Choose the correct answer from the options given below:

(B), (C) and (D) only

The correct answer is Option (2) → (B), (C) and (D) only

(A) A and B are independent events  (False)
(B) $P(A | B) = \frac{3}{4}$ (True)
(C) $P(A' | B') = \frac{5}{8}$ (True)
(D) $P(A' | B) = \frac{1}{4}$ (True)

Given:

$P(A) = \frac{1}{2},\quad P(B) = \frac{1}{3},\quad P(A \cap B) = \frac{1}{4}$

(A): A and B are independent if:

$P(A \cap B) = P(A) \cdot P(B)$

$\frac{1}{4} \overset{?}{=} \frac{1}{2} \cdot \frac{1}{3} = \frac{1}{6}$

False.
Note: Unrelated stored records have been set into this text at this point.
definition pb_cl :: "'x set \<Rightarrow> 'x set set \<Rightarrow> 'y set \<Rightarrow> 'y set set \<Rightarrow> ('x \<Rightarrow> 'z) \<Rightarrow> ('y \<Rightarrow> 'z)
    \<Rightarrow> ('x \<times> 'y) set set" where
  "pb_cl X CX Y CY f g =
     {{z \<in> pb_set X Y f g. fst z \<in> X' \<and> snd z \<in> Y'} | X' Y'. X' \<in> CX \<and> Y' \<in> CY}"

text \<open>The pullback E \<times>_B C is taken along p and
  p \<circ> gamma; E \<times>_B xi maps (e', (e, c)) to (e', xi (e, c)) and E \<times>_B pi2 maps it to (e', c).\<close>
definition descent_data ::
  "'e set \<Rightarrow> 'e set set \<Rightarrow> 'b set \<Rightarrow> 'b set set \<Rightarrow> ('e \<Rightarrow> 'b) \<Rightarrow>
   'c set \<Rightarrow> 'c set set \<Rightarrow> ('c \<Rightarrow> 'e) \<Rightarrow> ('e \<times> 'c \<Rightarrow> 'c) \<Rightarrow> bool" where
  "descent_data E CE B CB p C CC \<gamma> \<xi> \<longleftrightarrow>
     fcls C CC \<and> cls_mor C CC E CE \<gamma> \<and>
     cls_mor (pb_set E C p (p \<circ> \<gamma>)) (pb_cl E CE C CC p (p \<circ> \<gamma>)) C CC \<xi> \<and>
     (\<forall>z \<in> pb_set E C p (p \<circ> \<gamma>). \<gamma> (\<xi> z) = fst z) \<and>
     (\<forall>c \<in> C. \<xi> (\<gamma> c, c) = c) \<and>
     (\<forall>e' \<in> E. \<forall>e \<in> E. \<forall>c \<in> C. p e' = p e \<and> p e = p (\<gamma> c) \<longrightarrow> \<xi> (e', \<xi> (e, c)) = \<xi> (e', c))"

definition des_mor ::
  "'e set \<Rightarrow> 'e set set \<Rightarrow> 'b set \<Rightarrow> 'b set set \<Rightarrow> ('e \<Rightarrow> 'b) \<Rightarrow>
   'c set \<Rightarrow> 'c set set \<Rightarrow> ('c \<Rightarrow> 'e) \<Rightarrow> ('e \<times> 'c \<Rightarrow> 'c) \<Rightarrow>
   'd set \<Rightarrow> 'd set set \<Rightarrow> ('d \<Rightarrow> 'e) \<Rightarrow> ('e \<times> 'd \<Rightarrow> 'd) \<Rightarrow> ('c \<Rightarrow> 'd) \<Rightarrow> bool" where
  "des_mor E CE B CB p C CC \<gamma> \<xi> C' CC' \<gamma>' \<xi>' f \<longleftrightarrow>
     cls_mor C CC C' CC' f \<and> (\<forall>c \<in> C. \<gamma>' (f c) = \<gamma> c) \<and>
     (\<forall>z \<in> pb_set E C p (p \<circ> \<gamma>). f (\<xi> z) = \<xi>' (fst z, f (snd z)))"

definition des_iso ::
  "'e set \<Rightarrow> 'e set set \<Rightarrow> 'b set \<Rightarrow> 'b set set \<Rightarrow> ('e \<Rightarrow> 'b) \<Rightarrow>
   'c set \<Rightarrow> 'c set set \<Rightarrow> ('c \<Rightarrow> 'e) \<Rightarrow> ('e \<times> 'c \<Rightarrow> 'c) \<Rightarrow>
   'd set \<Rightarrow> 'd set set \<Rightarrow> ('d \<Rightarrow> 'e) \<Rightarrow> ('e \<times> 'd \<Rightarrow> 'd) \<Rightarrow> ('c \<Rightarrow> 'd) \<Rightarrow> bool" where
  "des_iso E CE B CB p C CC \<gamma> \<xi> C' CC' \<gamma>' \<xi>' f \<longleftrightarrow>
     des_mor E CE B CB p C CC \<gamma> \<xi> C' CC' \<gamma>' \<xi>' f \<and>
     (\<exists>g. des_mor E CE B CB p C' CC' \<gamma>' \<xi>' C CC \<gamma> \<xi> g \<and>
          (\<forall>c \<in> C. g (f c) = c) \<and> (\<forall>d \<in> C'. f (g d) = d))"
So, A and B are not independent.

(B): $P(A|B) = \frac{P(A \cap B)}{P(B)} = \frac{\frac{1}{4}}{\frac{1}{3}} = \frac{3}{4}$

True.

(C): $P(A'|B') = \frac{P(A' \cap B')}{P(B')}$

$P(B') = 1 - P(B) = \frac{2}{3}$

$P(A' \cap B') = 1 - P(A \cup B)$

$P(A \cup B) = P(A) + P(B) - P(A \cap B) = \frac{1}{2} + \frac{1}{3} - \frac{1}{4} = \frac{6 + 4 - 3}{12} = \frac{7}{12}$

$P(A' \cap B') = 1 - \frac{7}{12} = \frac{5}{12}$

$P(A'|B') = \frac{\frac{5}{12}}{\frac{2}{3}} = \frac{5}{12} \cdot \frac{3}{2} = \frac{15}{24} = \frac{5}{8}$

True.

(D): $P(A'|B) = \frac{P(A' \cap B)}{P(B)}$

$P(A' \cap B) = P(B) - P(A \cap B) = \frac{1}{3} - \frac{1}{4} = \frac{4 - 3}{12} = \frac{1}{12}$

$P(A'|B) = \frac{\frac{1}{12}}{\frac{1}{3}} = \frac{1}{12} \cdot \frac{3}{1} = \frac{3}{12} = \frac{1}{4}$

True.